Secret Empire: Eisenhower, the CIA, and the Hidden Story of America’s Space Espionage
By Philip Taubman
Simon & Schuster, 2003
Hardcover, 454 pages
ISBN 0-68485699-9

Until something more scholarly and definitive comes out, Secret Empire is the best and most readable work yet on America’s first spy satellites. The title is a bit misleading. Given everything that has already been published, the story can hardly be called “hidden.”

The tale of how President Eisenhower brought imagery intelligence into the heart of US defense policy making is an excellent case study on how a President should deal with a lack of critical information. How and why the early Corona spy satellites were designed and built should stand with the Ultra code-breaking story as one of the most important Western espionage achievements of the last century.

Philip Taubman is the Deputy Editorial Page Editor of the New York Times. One, therefore, expects bits of their dogma to be included in this work. For example, he claims that the “Reagan administration have pushed the CIA and its fellow spy agencies to bend intelligence reports to conform with policy.” This statement is based on the refusal of the Reagan administration to take the academic liberal “product” that came out of the CIA’s analysis branch seriously. The author includes enough of these asides to reassure his peers that his doctrinal orthodoxy is unquestionable.

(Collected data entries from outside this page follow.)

(* Suppose $\alpha_s=s^{-\eta}$ for some $\eta\in[0,1/2)$. Then, with probability $1$, there exist a constant $K>0$ and a (random) time $T_0$ such that for all $t\ge T_0$, \[ \lambda_{\min}(t)\ge K\sum_{s=1}^t\alpha_s^2, \] i.e. $\lambda_{\min}(t)=\Omega\big(\sum_{s=1}^t\alpha_s^2\big)$.
   Context: At each time $s$, the input is $\mathbf x_s=(\mathbf p_s,\mathbf c_s)\in\mathbb R^d$ with $\mathbf p_s=\bar{\mathbf p}_s+\alpha_s\mathbf u_s\in\mathbb R^m$, where: the contexts $\mathbf c_s\in\mathbb R^{d-m}$ are i.i.d., bounded, with $\Sigma^c=\mathbb E[\mathbf c_s\mathbf c_s^\top]$ positive definite; $\bar{\mathbf p}_s$ (the certainty-equivalent price $\mathbf p_{ce}(\mathbf c_s;\hat{\boldsymbol\beta}_{s-1})$) is a bounded random vector determined by $\mathbf c_s$ and the past; the perturbations $\mathbf u_s\in\mathbb R^m$ are i.i.d., bounded, mean zero, with positive definite covariance, and $\mathbf u_s$ is independent of $\mathbf c_s$ and of everything up to time $s-1$; $\alpha_s>0$ is deterministic. $\lambda_{\min}(t)$ is the minimum eigenvalue of $\sum_{s=1}^t\mathbf x_s\mathbf x_s^\top$. *)

theory Defs
  imports "HOL-Probability.Probability"
begin

definition outer :: "real ^ 'n \<Rightarrow> real ^ 'n ^ 'n" where
  "outer x = (\<chi> i j. x $ i * x $ j)"

definition min_eig :: "real ^ 'n ^ 'n \<Rightarrow> real" where
  "min_eig A = Min {l. \<exists>v. v \<noteq> 0 \<and> A *v v = l *\<^sub>R v}"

Without access to closed government files, both in the US and in the former USSR, this book is the most complete record we are going to get.

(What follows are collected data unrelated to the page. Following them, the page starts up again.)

(* Let $\sigma_A>0$, let $A\in\mathbb R^{m\times d}$ have i.i.d. entries $A_{i,j}\sim\mathcal N(0,\sigma_A^2)$, let $b\in\mathbb R^m$, let $\phi(z)=\max\{z,0\}$ be the ReLU applied coordinatewise, and let $f(x)=\phi(Ax+b)$ for $x\in[0,1]^d$. Define the $\ell_1$ global sensitivity \[ \mathrm{GS}_1(f)=\sup\{\|f(x_1)-f(x_2)\|_1 : x_1,x_2\in[0,1]^d \text{ differ in at most one entry}\}. \] Then for any $\delta\in(0,1)$, \[ \Pr_A\Big[\mathrm{GS}_1(f)\le \sigma_A m+4\sigma_A\sqrt m\,\log^{1.5}(md/\delta)\Big]\ge 1-\delta . \]
   Context: $\|v\|_1=\sum_i|v_i|$. The probability is over the random matrix $A$. *)

theory Defs
  imports "HOL-Probability.Probability"
begin

definition relu_layer :: "('m::finite \<times> 'd::finite \<Rightarrow> real) \<Rightarrow> ('m \<Rightarrow> real) \<Rightarrow> ('d \<Rightarrow> real) \<Rightarrow> 'm \<Rightarrow> real" where
  "relu_layer A b x i = max ((\<Sum>j\<in>UNIV. A (i, j) * x j) + b i) 0"

definition unit_cube :: "('d::finite \<Rightarrow> real) set" where
  "unit_cube = {x. \<forall>j. 0 \<le> x j \<and> x j \<le> 1}"

definition l1_norm :: "('m::finite \<Rightarrow> real) \<Rightarrow> real" where
  "l1_norm v = (\<Sum>i\<in>UNIV. \<bar>v i\<bar>)"

definition GS1 :: "(('d::finite \<Rightarrow> real) \<Rightarrow> ('m::finite \<Rightarrow> real)) \<Rightarrow> real" where
  "GS1 f = Sup {l1_norm (\<lambda>i. f x1 i - f x2 i) | x1 x2.
      x1 \<in> unit_cube \<and> x2 \<in> unit_cube \<and> card {j. x1 j \<noteq> x2 j} \<le> 1}"

definition gauss_matrix :: "real \<Rightarrow> ('m::finite \<times> 'd::finite \<Rightarrow> real) measure" where
  "gauss_matrix \<sigma> = PiM UNIV (\<lambda>_. density lborel (normal_density 0 \<sigma>))"

end

theory Submission
  imports Defs
begin

(* Changing one input coordinate x_j inside the unit cube moves it by at most 1, and ReLU is
   1-Lipschitz, so output i of the layer changes by at most |A_ij|.  Hence GS_1(f) is bounded
   by the l1-norm of some column of A, and it suffices to bound each column norm and take a
   union bound over the d columns.

   A column norm S is a sum of m independent |N(0, sigma^2)| variables, and
   E exp(l |X|) <= 2 exp(l^2 sigma^2 / 2) - 1 + l sigma sqrt(2/pi).  For l = 1/(4 sigma) this
   is at most e^(1/4) because sqrt(2/pi) < 4/5, so the Chernoff bound gives
   P(S >= sigma m + 4 sigma t) <= e^(-t).  With L = ln(m d / delta) and t = sqrt m L^(3/2) this
   is at most e^(-L) = delta / (m d) as soon as m L >= 1.  When m L < 1, the required bound
   m e^(-L) is at least 1 if m >= 2, and for m = 1 Markov's inequality with
   E |X| = sigma sqrt(2/pi) suffices. *)

lemma ennreal_le_minus_of_add_le:
  fixes x :: ennreal and r c :: real
  assumes "x + ennreal c \<le> ennreal r" "0 \<le> c" "0 \<le> r"
  shows "x \<le> ennreal (r - c)"
proof -
  obtain y where y: "x = ennreal y" "0 \<le> y"
    using assms(1) by (cases x) (auto simp: top_add top_unique)
  have "y + c \<le> r"
    using assms y by (simp add: ennreal_plus[symmetric] ennreal_le_iff del: ennreal_plus)
  then show ?thesis using y by (simp add: ennreal_leI)
qed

Yet, there is plenty of heresy here, if one reads between the lines. First of all, there is the assumption that the Cold War was a serious contest between America (the Good Guys) and the Communists (the Bad Guys). There is also the undisguised admiration for Dwight Eisenhower. Ike is the only GOP president whom liberals find it safe to admire, mostly on the basis of his warning against the power of the military industrial complex.

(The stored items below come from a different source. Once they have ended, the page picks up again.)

lemma gr_eval_unit_gen_kappa:
  assumes "a < b" "2 \<le> p" and two: "(2::'k::field) \<noteq> 0"
  shows "gr_eval unit_gen (kappa p (fa_var a) (fa_var b)) = gr_smult 2 (gmono {a, b} :: 'k gr)"
proof -
  let ?a = "gen a :: 'k gr" and ?b = "gen b :: 'k gr"
  have var: "gr_eval unit_gen (fa_var t) = gone + (gen t :: 'k gr)" for t
  proof -
    have "finitary (unit_gen t :: 'k gr)"
      by (simp add: unit_gen_def)
    then show ?thesis
      by (simp only: gr_eval_var unit_gen_def)
  qed
  obtain q where q: "p - 1 = Suc q"
    using assms(2) by (cases "p - 1") auto
  have pow: "gpow (gone + gen t) (p - 1) = gone + gr_smult (of_nat (p - 1)) (gen t :: 'k gr)" for t
    unfolding q by (rule gpow_gone_plus) (simp_all add: two)
  have ba: "gmul ?b ?a = - gmul ?a ?b"
    by (rule gmul_anticommute_odd) simp_all
  have comm: "gmul (gone + ?a) (gone + ?b) + gr_smult (-1) (gmul (gone + ?b) (gone + ?a)) =
      gr_smult 2 (gmul ?a ?b)"
    by (rule ext) (simp add: gmul_add_left gmul_add_right gmul_gone_left gmul_gone_right ba
        gr_smult_def algebra_simps)
  have "gmul (gmul ?a ?b) ?a = 0"
    by (simp add: gmul_assoc ba gmul_uminus_right gmul_assoc[symmetric]
        gmul_odd_self[OF odd_supp_gen two])
  moreover have "gmul (gmul ?a ?b) ?b = 0"
    by (simp add: gmul_assoc gmul_odd_self[OF odd_supp_gen two])
  ultimately have "gr_eval unit_gen (kappa p (fa_var a) (fa_var b)) = gr_smult 2 (gmul ?a ?b)"
    unfolding gr_eval_kappa[OF FA_var FA_var] var comm pow
    by (simp add: gmul_add_right gmul_smult_left gmul_smult_right gmul_gone_right)
  also have "gmul ?a ?b = gmono {a, b}"
    unfolding gen_def using gmul_gmono_gmono[of "{a}" "{b}"] assms(1) by (simp add: insert_commute)
  finally show ?thesis .
qed

lemma gr_eval_unit_gen_w_elt:
  assumes "2 \<le> p" "(2::'k::field) \<noteq> 0" "1 \<le> k"
  shows "gr_eval unit_gen (w_elt p k) = gr_smult (2 ^ k) (gmono {1..2*k} :: 'k gr)"
  using assms(3)
proof (induction k rule: nat_induct_at_least)
  case base
  have "{1..2} = {1, 2::nat}"
    by auto
  then show ?case
    by (simp add: gr_eval_unit_gen_kappa assms(1,2))
next
  case (Suc k)
  have "{1..2*k} \<union> {2 * Suc k - 1, 2 * Suc k} = {1..2 * Suc k}"
    by auto
  then have blocks: "gmul (gmono {1..2*k}) (gmono {2 * Suc k - 1, 2 * Suc k}) = (gmono {1..2 * Suc k} :: 'k gr)"
    using gmul_gmono_gmono[of "{1..2*k}" "{2 * Suc k - 1, 2 * Suc k}"] by auto
  have step: "w_elt p (Suc k) = fa_mult (w_elt p k) (kappa p (fa_var (2 * Suc k - 1)) (fa_var (2 * Suc k)))"
    using Suc.hyps by (cases k) auto
  have "gr_eval unit_gen (w_elt p (Suc k)) = gmul (gr_smult (2 ^ k) (gmono {1..2*k}))
      (gr_smult 2 (gmono {2 * Suc k - 1, 2 * Suc k}) :: 'k gr)"
    unfolding step gr_eval_mult[OF FA_w_elt FA_kappa[OF FA_var FA_var]] Suc.IH
    by (subst gr_eval_unit_gen_kappa) (simp_all add: assms(1,2))
  also have "\<dots> = gr_smult (2 ^ Suc k) (gmono {1..2 * Suc k})"
    unfolding gmul_smult_left gmul_smult_right blocks by (rule ext) (simp add: gr_smult_def)
  finally show ?case .
qed

section \<open>The coefficient functional\<close>

lemma two_nonzero_if_CHAR_gt_2: "2 < CHAR('k::field) \<Longrightarrow> (2::'k) \<noteq> 0"
  using of_nat_eq_0_iff_char_dvd[of 2, where 'a='k] by (auto dest: nat_dvd_not_less)

context
  fixes m p :: nat
begin

text \<open>The pairs \<open>{a, a + 1}\<close> with \<open>a = pair_idx t j\<close> are pairwise disjoint and lie above \<open>2m\<close>;
  \<open>pair_dom\<close> indexes the \<open>p - 1\<close> pairs attached to each variable \<open>x\<^sub>t\<close>, \<open>1 \<le> t \<le> 2m\<close>.\<close>

definition pair_idx :: "nat \<Rightarrow> nat \<Rightarrow> nat" where
  "pair_idx t j = 2 * (2 * m + 1 + t * p + j)"
(* Let $f\in L^1(\Omega)$ with $f\ge0$, $f\not\equiv0$, and let $u\ge0$ be an entropy solution of $(-\Delta)^s_{p,\beta}u=f$ in $\Omega$, $u=0$ in $\mathbb R^N\setminus\Omega$. Then for every $w\in W^{s,p}_{\beta,0}(\Omega)\cap L^\infty(\Omega)$ such that $w\equiv0$ on the set $\{u>k\}$ for some $k>0$, we have $$\frac12\iint_{D_\Omega}|u(x)-u(y)|^{p-2}(u(x)-u(y))(w(x)-w(y))\,d\nu=\int_\Omega f\,w\,dx.$$
   Context: Standing assumptions: $s\in(0,1)$, $1<p<N$, $ps<N$, $0\le\beta<\frac{N-ps}{2}$, and $\Omega\subset\mathbb R^N$ is a smooth bounded domain containing the origin. Set $d\mu=|x|^{-2\beta}dx$ and $d\nu=\frac{dx\,dy}{|x-y|^{N+ps}|x|^\beta|y|^\beta}$. $D_\Omega=(\mathbb R^N\times\mathbb R^N)\setminus\big((\mathbb R^N\setminus\Omega)\times(\mathbb R^N\setminus\Omega)\big)$. $W^{s,p}_{\beta,0}(\Omega)$ is the closure of $C_c^\infty(\Omega)$ under the norm $(\int_\Omega|\phi|^pd\mu)^{1/p}+(\int_\Omega\int_\Omega|\phi(x)-\phi(y)|^pd\nu)^{1/p}$; its elements are extended by $0$ outside $\Omega$. For $k>0$, $T_k(a)=\max\{-k,\min\{k,a\}\}$. Entropy solution: given $f\in L^1(\Omega)$, a measurable $u$ vanishing outside $\Omega$ with $T_k(u)\in W^{s,p}_{\beta,0}(\Omega)$ for all $k>0$ is an entropy solution if (i) $\iint_{R_h}|u(x)-u(y)|^{p-1}d\nu\to0$ as $h\to\infty$, where $R_h=\{(x,y)\in\mathbb R^N\times\mathbb R^N:\ h+1\le\max\{|u(x)|,|u(y)|\}$ and ($\min\{|u(x)|,|u(y)|\}\le h$ or $u(x)u(y)<0$)$\}$; and (ii) for all $k>0$ and all $\varphi\in W^{s,p}_{\beta,0}(\Omega)\cap L^\infty(\Omega)$, $\frac12\iint_{D_\Omega}|u(x)-u(y)|^{p-2}(u(x)-u(y))[T_k(u(x)-\varphi(x))-T_k(u(y)-\varphi(y))]d\nu\le\int_\Omega f\,T_k(u-\varphi)\,dx$. *)

theory Defs
  imports "HOL-Analysis.Analysis"
begin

Taubman’s sources are almost all impeccable. Obviously, he has drawn on the works of Bill Burroughs, Jeffery Richelson, John Logsdon, Dwayne Day, as well as on the indispensable memoirs of former MIT president James Killian, Sputnik, Scientists and Eisenhower. He also interviews most of the surviving major players, including General Andrew Goodpaster, the greatest living source for information on Eisenhower’s Cold War policies. Without access to closed government files, both in the US and in the former USSR, this book is the most complete record we are going to get.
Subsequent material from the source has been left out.